Motorists of a certain vintage will have noticed that repairing a car has become more and more high-tech. When I started in the automotive industry over four decades ago, a wrench, pliers and adjustable wrenches were the tools of the day. Today, mechanics and technicians are equipped with laptops, iPads and advanced diagnostic computers to help them fix a faulty vehicle.

The reason is simple. A modern car contains around 100 million lines of code. To put this in context, a high-end airliner has 14m of lines. Over the next decade, it’s estimated that most passenger vehicles will need around 300 million lines of software to stay on the road. In other words, cars are increasingly dependent on electronics.

Needless to say, as the UK goes electric and the internal combustion engine becomes less important, fixing a faulty car will require skills more akin to a software engineer than a traditional mechanic.

Since the government set itself the ambitious goal of banning the sale of new internal combustion engine vehicles by 2030, much of the focus has been on preparing the infrastructure to support this transition.

For example, it’s no secret that we need to see more street chargers available. We also need to see more battery factories set up on UK soil. We need to prepare the national grid for an increase in energy consumption. And we also need to prepare a workforce with the skills to not only build and manufacture a new style of vehicle, but also to maintain and repair them.

When I stepped down as Managing Director of Aston Martin in 2020, I created a charitable foundation to support bright and talented young apprentices as they embark on careers in the automotive industry. During this work, I have seen first-hand the talent that we have among our young people today. There is no shortage of appetite and skills to fill these emerging roles, but they also need support from government, employers and the education sector.

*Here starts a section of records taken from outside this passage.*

lemma set_nn_integral_add_scaled:
  fixes H1 H2 :: "'a \<Rightarrow> real"
  assumes [measurable]: "S \<in> sets M" "H1 \<in> borel_measurable M" "H2 \<in> borel_measurable M"
    and H_nonneg: "\<And>t. 0 \<le> H1 t" "\<And>t. 0 \<le> H2 t"
    and H1_int: "(\<integral>\<^sup>+ t \<in> S. ennreal (H1 t) \<partial>M) = ennreal h1"
    and H2_int: "(\<integral>\<^sup>+ t \<in> S. ennreal (H2 t) \<partial>M) = ennreal h2"
    and nonneg: "0 \<le> a" "0 \<le> b" "0 \<le> h1" "0 \<le> h2"
  shows "(\<integral>\<^sup>+ t \<in> S. ennreal (a * H1 t + b * H2 t) \<partial>M) = ennreal (a * h1 + b * h2)"
proof -
  have "(\<integral>\<^sup>+ t \<in> S. ennreal (a * H1 t + b * H2 t) \<partial>M)
      = (\<integral>\<^sup>+ t. ennreal a * (ennreal (H1 t) * indicator S t)
               + ennreal b * (ennreal (H2 t) * indicator S t) \<partial>M)"
    using nonneg H_nonneg
    by (intro nn_integral_cong) (simp add: ennreal_plus ennreal_mult distrib_right mult.assoc)
  also have "\<dots> = ennreal a * ennreal h1 + ennreal b * ennreal h2"
    using H1_int H2_int by (subst nn_integral_add) (simp_all add: nn_integral_cmult)
  also have "\<dots> = ennreal (a * h1 + b * h2)"
    using nonneg by (simp add: ennreal_plus ennreal_mult)
  finally show ?thesis .
qed

lemma abs_set_integral_le_affine_bound:
  fixes g H :: "'a \<Rightarrow> real"
  assumes [measurable]: "S \<in> sets M" "H \<in> borel_measurable M"
    and S_measure: "emeasure M S = ennreal \<tau>" "0 \<le> \<tau>"
    and H_nonneg: "\<And>t. 0 \<le> H t"
    and H_int: "(\<integral>\<^sup>+ t \<in> S. ennreal (H t) \<partial>M) = ennreal h" "0 \<le> h"
    and nonneg: "0 \<le> a" "0 \<le> b"
    and g_bound: "AE t in M. t \<in> S \<longrightarrow> \<bar>g t\<bar> \<le> a + b * H t"
  shows "\<bar>LINT t : S | M. g t\<bar> \<le> a * \<tau> + b * h"
proof (rule abs_set_integral_le_nn_integral)
  have one_int: "(\<integral>\<^sup>+ t \<in> S. ennreal 1 \<partial>M) = ennreal \<tau>"
    using S_measure by simp
  have "(\<integral>\<^sup>+ t \<in> S. ennreal \<bar>g t\<bar> \<partial>M) \<le> (\<integral>\<^sup>+ t \<in> S. ennreal (a * 1 + b * H t) \<partial>M)"
    by (intro nn_integral_mono_AE)
       (use g_bound in \<open>eventually_elim, simp add: ennreal_leI split: split_indicator\<close>)
  also have "\<dots> = ennreal (a * \<tau> + b * h)"
    by (rule set_nn_integral_add_scaled[OF _ _ _ _ H_nonneg one_int H_int(1)])
       (use nonneg S_measure H_int in simp_all)
  finally show "(\<integral>\<^sup>+ t \<in> S. ennreal \<bar>g t\<bar> \<partial>M) \<le> ennreal (a * \<tau> + b * h)" .
  show "0 \<le> a * \<tau> + b * h"
    using nonneg S_measure H_int by simp
qed

lemma abs_set_integral_le_const:
  fixes g :: "'a \<Rightarrow> real"
  assumes "S \<in> sets M" "emeasure M S = ennreal \<tau>" "0 \<le> \<tau>" "0 \<le> a"
    and "AE t in M. t \<in> S \<longrightarrow> \<bar>g t\<bar> \<le> a"
  shows "\<bar>LINT t : S | M. g t\<bar> \<le> a * \<tau>"
  using abs_set_integral_le_affine_bound[of S M "\<lambda>_. 0" \<tau> 0 a 0 g] assms by simp

lemma set_integral_ge_const_mult_measure:
  fixes g a :: "real \<Rightarrow> real"
  assumes S[measurable]: "S \<in> sets lebesgue" and S_measure: "emeasure lebesgue S = ennreal \<tau>" "0 \<le> \<tau>"
    and a[measurable]: "a \<in> borel_measurable lebesgue"
    and g_eq: "AE t in lebesgue. t \<in> S \<longrightarrow> g t = a t"
    and g_bdd: "AE t in lebesgue. t \<in> S \<longrightarrow> \<bar>g t\<bar> \<le> L"
    and g_ge: "AE t in lebesgue. t \<in> S \<longrightarrow> c \<le> g t"
  shows "c * \<tau> \<le> (LINT t : S | lebesgue. g t)"
proof -
  have "(\<lambda>t. indicator S t * g t) \<in> borel_measurable lebesgue"
    by (rule borel_measurable_AE[of "\<lambda>t. indicator S t * a t"])
       (use g_eq in \<open>measurable, eventually_elim, simp split: split_indicator\<close>)
  then have "set_integrable lebesgue S g"
    unfolding set_integrable_def using S_measure g_bdd
    by (intro integrableI_bounded_set[where A=S and B=L])
       (auto elim!: AE_mp intro!: AE_I2 simp: indicator_def)
  moreover have "set_integrable lebesgue S (\<lambda>_. c)"
    unfolding set_integrable_def using S_measure by (intro integrable_indicator) simp_all
  ultimately have "(LINT t : S | lebesgue. c) \<le> (LINT t : S | lebesgue. g t)"
    using g_ge by (intro set_integral_mono_AE) auto
  moreover have "(LINT t : S | lebesgue. c) = c * \<tau>"
    using S_measure by (simp add: set_integral_const measure_def)
  ultimately show ?thesis by simp
qed

section \<open>Elementary inequalities\<close>

lemma young_le_powr_add:
  fixes a b p :: real
  assumes "0 \<le> a" "0 \<le> b" "1 < p"
  shows "a * b \<le> a powr p + b powr (p / (p - 1))"
proof -
  have p': "1 < p / (p - 1)" "1 / p + 1 / (p / (p - 1)) = 1"
    using assms(3) by (simp_all add: field_simps)
  have "a * b \<le> a powr p / p + b powr (p / (p - 1)) / (p / (p - 1))"
    by (rule Youngs_inequality[OF assms(3) p' assms(1,2)])
  also have "\<dots> \<le> a powr p + b powr (p / (p - 1))"
    using assms(3) p'(1) divide_left_mono[of 1 p "a powr p"]
      divide_left_mono[of 1 "p / (p - 1)" "b powr (p / (p - 1))"]
    by (intro add_mono) auto
  finally show ?thesis .
qed

lemma young_le_powr_add_weighted:
  fixes a b p e :: real
  assumes "0 \<le> a" "0 \<le> b" "1 < p" "0 < e"
  shows "a * b \<le> e powr p * a powr p + e powr (- (p / (p - 1))) * b powr (p / (p - 1))"
proof -
  have "a * b = (e * a) * (b / e)"
    using assms(4) by simp
  also have "\<dots> \<le> (e * a) powr p + (b / e) powr (p / (p - 1))"
    using assms by (intro young_le_powr_add) auto
  also have "\<dots> = e powr p * a powr p + e powr (- (p / (p - 1))) * b powr (p / (p - 1))"
    using assms by (simp add: powr_mult powr_divide powr_minus_divide)
  finally show ?thesis .
qed

lemma inner_diff_self_ge:
  fixes u w :: "'a::real_inner"
  shows "((norm u)\<^sup>2 - (norm w)\<^sup>2) / 2 \<le> inner (u - w) u"
proof -
  have "0 \<le> (norm (u - w))\<^sup>2"
    by simp
  then show ?thesis
    by (simp add: power2_norm_eq_inner inner_diff_left inner_diff_right inner_commute)
qed

lemma discrete_gronwall:
  fixes e g :: "nat \<Rightarrow> real" and b :: real
  assumes b: "1 \<le> b" and g: "\<And>k. 0 \<le> g k"
    and step: "\<And>k. 1 \<le> k \<Longrightarrow> k \<le> K \<Longrightarrow> e k \<le> b * (e (k - 1) + g k)"
  shows "k \<le> K \<Longrightarrow> e k \<le> b ^ k * (e 0 + (\<Sum>i = 1..k. g i))"
proof (induction k)
  case 0
  then show ?case by simp
next
  case (Suc m)
  have "e (Suc m) \<le> b * (e m + g (Suc m))"
    using step[of "Suc m"] Suc.prems by simp
  also have "\<dots> \<le> b * (b ^ m * (e 0 + (\<Sum>i = 1..m. g i)) + g (Suc m))"
    using Suc b by (intro mult_left_mono) auto
  also have "\<dots> \<le> b ^ Suc m * (e 0 + (\<Sum>i = 1..m. g i)) + b ^ Suc m * g (Suc m)"
    using b g[of "Suc m"] mult_right_mono[OF one_le_power[OF b, of m], of "g (Suc m)"]
    by (simp add: algebra_simps mult_left_mono)
  also have "\<dots> = b ^ Suc m * (e 0 + (\<Sum>i = 1..Suc m. g i))"
    by (simp add: algebra_simps)
  finally show ?case .
qed

lemma inverse_powr_mult_powr_le:
  fixes a D r :: real
  assumes "0 \<le> a" "a \<le> D" "0 < D" "0 \<le> r"
  shows "(1 / D) powr (r - 1) * a powr r \<le> D"
proof -
  have "(1 / D) powr (r - 1) * a powr r \<le> (1 / D) powr (r - 1) * D powr r"
    using assms by (intro mult_left_mono powr_mono2) auto
  also have "\<dots> = D"
    using assms(3) by (simp add: powr_divide powr_diff)
  finally show ?thesis .
qed

lemma le_of_scaled_bounds:
  fixes X C \<gamma> a b p q :: real
  assumes bound: "\<And>s. 0 < s \<Longrightarrow>
      X \<le> C / s + \<gamma> * (s powr (p - 1) * a powr p + s powr (q - 1) * b powr q)"
    and nonneg: "0 \<le> C" "0 \<le> \<gamma>" "0 \<le> a" "0 \<le> b" "0 \<le> p" "0 \<le> q"
  shows "X \<le> (C + 2 * \<gamma>) * (a + b)"
proof (rule field_le_epsilon)
  fix e :: real
  assume e: "0 < e"
  define \<delta> where "\<delta> = e / (C + 2 * \<gamma> + 1)"
  define D where "D = a + b + \<delta>"
  have \<delta>: "0 < \<delta>" "(C + 2 * \<gamma>) * \<delta> \<le> e"
    unfolding \<delta>_def using e nonneg by (simp_all add: field_simps)
  have D: "0 < D" "a \<le> D" "b \<le> D"
    unfolding D_def using \<delta> nonneg by auto
  have "X \<le> C / (1 / D) + \<gamma> * ((1 / D) powr (p - 1) * a powr p + (1 / D) powr (q - 1) * b powr q)"
    using bound[of "1 / D"] D by simp
  also have "\<dots> \<le> C * D + \<gamma> * (D + D)"
    using D nonneg inverse_powr_mult_powr_le[of a D p] inverse_powr_mult_powr_le[of b D q]
    by (intro add_mono mult_left_mono) auto
  also have "\<dots> = (C + 2 * \<gamma>) * (a + b) + (C + 2 * \<gamma>) * \<delta>"
    unfolding D_def by (simp add: algebra_simps)
  finally show "X \<le> (C + 2 * \<gamma>) * (a + b) + e"
    using \<delta> by linarith
qed

lemma blinfun_abs_le_scaled:
  fixes \<phi> :: "'x::real_normed_vector \<Rightarrow>\<^sub>L real" and j :: "'x \<Rightarrow> 'y::real_normed_vector"
  assumes j: "linear j"
    and bound: "\<And>y. \<bar>blinfun_apply \<phi> y\<bar> \<le> \<alpha> + \<gamma> * (norm y powr p + norm (j y) powr q)"
    and s: "0 < s"
  shows "\<bar>blinfun_apply \<phi> y\<bar>
           \<le> \<alpha> / s + \<gamma> * (s powr (p - 1) * norm y powr p + s powr (q - 1) * norm (j y) powr q)"
proof -
  have s_powr: "s powr p = s * s powr (p - 1)" "s powr q = s * s powr (q - 1)"
    using s by (simp_all add: powr_diff)
  have "s * \<bar>blinfun_apply \<phi> y\<bar> = \<bar>blinfun_apply \<phi> (s *\<^sub>R y)\<bar>"
    using s by (simp add: blinfun.scaleR_right abs_mult)
  also have "\<dots> \<le> \<alpha> + \<gamma> * (norm (s *\<^sub>R y) powr p + norm (j (s *\<^sub>R y)) powr q)"
    by (rule bound)
  also have "\<dots> = \<alpha> + s * (\<gamma> * (s powr (p - 1) * norm y powr p + s powr (q - 1) * norm (j y) powr q))"
    using s by (simp add: linear_scale[OF j] powr_mult s_powr algebra_simps)
  finally show ?thesis
    using s by (simp add: field_simps)
qed

section \<open>The time grid\<close>

lemma lebesgue_measurable_ident [measurable]: "(\<lambda>x::real. x) \<in> borel_measurable lebesgue"
  by (intro measurable_completion) simp

lemma I_k_measurable [measurable]: "I_k \<tau> k \<in> sets lebesgue"
  unfolding I_k_def by simp

lemma emeasure_I_k: "0 < \<tau> \<Longrightarrow> emeasure lebesgue (I_k \<tau> k) = ennreal \<tau>"
  unfolding I_k_def by (simp add: algebra_simps)

lemma I_k_subset:
  assumes "0 < \<tau>" "\<tau> = T / real K" "k \<in> {1..K}"
  shows "I_k \<tau> k \<subseteq> {0<..T}"
proof -
  have "real K * \<tau> = T"
    using assms(1,2) by (cases "K = 0") auto
  moreover have "0 \<le> (real k - 1) * \<tau>" "real k * \<tau> \<le> real K * \<tau>"
    using assms(1,3) by (auto intro: mult_right_mono)
  ultimately show ?thesis
    unfolding I_k_def by auto
qed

Prime Minister Boris Johnson recently expressed his desire to create a highly skilled and well paid economy. The automotive revolution we are at the dawn of can undoubtedly be a key driver of this admirable ambition. But now is the time to start expanding the training options available to the new generation of engineers, technicians and automotive specialists. The 2030 deadline is fast approaching and we risk running before we can walk if our roads are full of electric vehicles that cannot be properly maintained or repaired as needed.

As always, this kind of reconfiguration in height of our relation to transport will not be done without pitfalls. Software engineers make a lot of money, and the best are often drawn to the top positions at exciting tech companies that can offer generous salaries as well as multiple perks, such as on-site hairdressers, gyms, and restaurants. This is a far cry from what might be available at your local garage. Ultimately, dealers will have to compete for this talent and this can lead to higher costs for repairing EVs, at least in the short to medium term.

But the UK has a proud automotive history and it would be a travesty if that legacy does not continue in the new ‘electric age’ of transport. It is therefore imperative that schools, colleges and universities recognize the role the auto industry can play in providing highly skilled, well-paid and green jobs for future generations.

According to the RAC, only 5% of the current cohort of over 200,000 auto technicians in the UK are currently qualified to work on electric cars. With over 345,000 pure electric cars on the road (with many more hybrids), there is already a worrying shortage of knowledgeable technicians. The 2030 target is fast approaching. Let’s make sure we’re ready before he arrives.